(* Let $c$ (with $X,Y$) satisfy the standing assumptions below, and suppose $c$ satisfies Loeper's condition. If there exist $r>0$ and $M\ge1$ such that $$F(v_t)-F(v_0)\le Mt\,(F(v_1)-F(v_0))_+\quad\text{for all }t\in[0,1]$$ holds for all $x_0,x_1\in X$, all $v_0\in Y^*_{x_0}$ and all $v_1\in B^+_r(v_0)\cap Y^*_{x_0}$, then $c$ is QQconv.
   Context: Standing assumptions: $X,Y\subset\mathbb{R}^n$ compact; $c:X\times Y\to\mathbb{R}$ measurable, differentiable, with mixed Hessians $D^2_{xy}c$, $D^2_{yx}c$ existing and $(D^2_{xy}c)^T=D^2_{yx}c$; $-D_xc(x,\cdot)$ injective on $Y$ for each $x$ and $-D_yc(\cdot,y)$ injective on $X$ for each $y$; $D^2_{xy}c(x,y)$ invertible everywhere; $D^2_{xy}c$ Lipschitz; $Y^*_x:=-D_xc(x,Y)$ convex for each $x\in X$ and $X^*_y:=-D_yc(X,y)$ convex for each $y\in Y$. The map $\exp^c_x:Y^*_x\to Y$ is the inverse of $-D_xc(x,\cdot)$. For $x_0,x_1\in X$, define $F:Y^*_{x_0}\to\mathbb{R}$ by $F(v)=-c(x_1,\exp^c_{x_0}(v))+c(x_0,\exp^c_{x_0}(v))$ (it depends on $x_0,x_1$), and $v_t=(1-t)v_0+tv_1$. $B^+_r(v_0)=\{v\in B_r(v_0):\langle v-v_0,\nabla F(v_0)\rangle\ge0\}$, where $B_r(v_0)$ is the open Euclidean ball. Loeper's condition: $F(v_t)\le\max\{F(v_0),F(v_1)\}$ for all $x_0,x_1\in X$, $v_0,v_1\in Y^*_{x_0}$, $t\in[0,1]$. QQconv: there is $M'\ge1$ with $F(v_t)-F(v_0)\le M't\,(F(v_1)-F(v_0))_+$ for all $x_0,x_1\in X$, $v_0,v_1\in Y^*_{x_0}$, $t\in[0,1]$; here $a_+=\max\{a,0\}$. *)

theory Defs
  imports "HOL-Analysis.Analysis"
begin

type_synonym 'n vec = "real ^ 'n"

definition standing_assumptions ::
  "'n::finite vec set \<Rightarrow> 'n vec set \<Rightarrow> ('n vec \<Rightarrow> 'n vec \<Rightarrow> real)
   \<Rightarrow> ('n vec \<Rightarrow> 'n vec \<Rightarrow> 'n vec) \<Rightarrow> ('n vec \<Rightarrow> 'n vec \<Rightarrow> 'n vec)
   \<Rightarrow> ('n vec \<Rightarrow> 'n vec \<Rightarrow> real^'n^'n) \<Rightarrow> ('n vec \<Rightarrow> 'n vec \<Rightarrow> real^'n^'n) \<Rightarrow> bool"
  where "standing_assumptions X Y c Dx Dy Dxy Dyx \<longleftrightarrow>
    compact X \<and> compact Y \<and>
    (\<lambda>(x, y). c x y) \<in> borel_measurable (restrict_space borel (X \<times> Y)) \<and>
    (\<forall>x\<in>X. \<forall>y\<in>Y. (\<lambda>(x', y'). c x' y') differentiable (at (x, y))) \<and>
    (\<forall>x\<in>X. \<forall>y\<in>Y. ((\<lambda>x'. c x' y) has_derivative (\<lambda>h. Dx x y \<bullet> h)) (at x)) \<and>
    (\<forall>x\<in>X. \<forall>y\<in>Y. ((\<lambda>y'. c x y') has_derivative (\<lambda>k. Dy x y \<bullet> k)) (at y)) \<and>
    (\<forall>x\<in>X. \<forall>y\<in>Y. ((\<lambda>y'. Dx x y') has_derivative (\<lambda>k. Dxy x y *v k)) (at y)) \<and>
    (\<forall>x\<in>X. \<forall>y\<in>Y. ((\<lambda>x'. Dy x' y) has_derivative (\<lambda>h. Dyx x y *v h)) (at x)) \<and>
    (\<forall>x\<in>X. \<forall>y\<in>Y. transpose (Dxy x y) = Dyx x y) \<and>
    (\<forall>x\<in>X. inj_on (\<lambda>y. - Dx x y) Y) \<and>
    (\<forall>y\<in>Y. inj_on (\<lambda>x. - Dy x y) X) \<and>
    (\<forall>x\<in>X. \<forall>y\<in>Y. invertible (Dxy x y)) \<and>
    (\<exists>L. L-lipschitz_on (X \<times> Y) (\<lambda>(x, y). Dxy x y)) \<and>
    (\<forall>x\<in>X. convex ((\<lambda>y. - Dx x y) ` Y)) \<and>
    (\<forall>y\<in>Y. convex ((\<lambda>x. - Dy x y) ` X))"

▶ _EXERCISE_:
Return only the part of the records above that opens with the line containing "compact X \<and> compact Y \<and>" and closes with the line containing "(\<forall>x\<in>X. \<forall>y\<in>Y. ((\<lambda>y'. c", ends included.

▶ _WRITTEN RESPONSE_:
    compact X \<and> compact Y \<and>
    (\<lambda>(x, y). c x y) \<in> borel_measurable (restrict_space borel (X \<times> Y)) \<and>
    (\<forall>x\<in>X. \<forall>y\<in>Y. (\<lambda>(x', y'). c x' y') differentiable (at (x, y))) \<and>
    (\<forall>x\<in>X. \<forall>y\<in>Y. ((\<lambda>x'. c x' y) has_derivative (\<lambda>h. Dx x y \<bullet> h)) (at x)) \<and>
    (\<forall>x\<in>X. \<forall>y\<in>Y. ((\<lambda>y'. c x y') has_derivative (\<lambda>k. Dy x y \<bullet> k)) (at y)) \<and>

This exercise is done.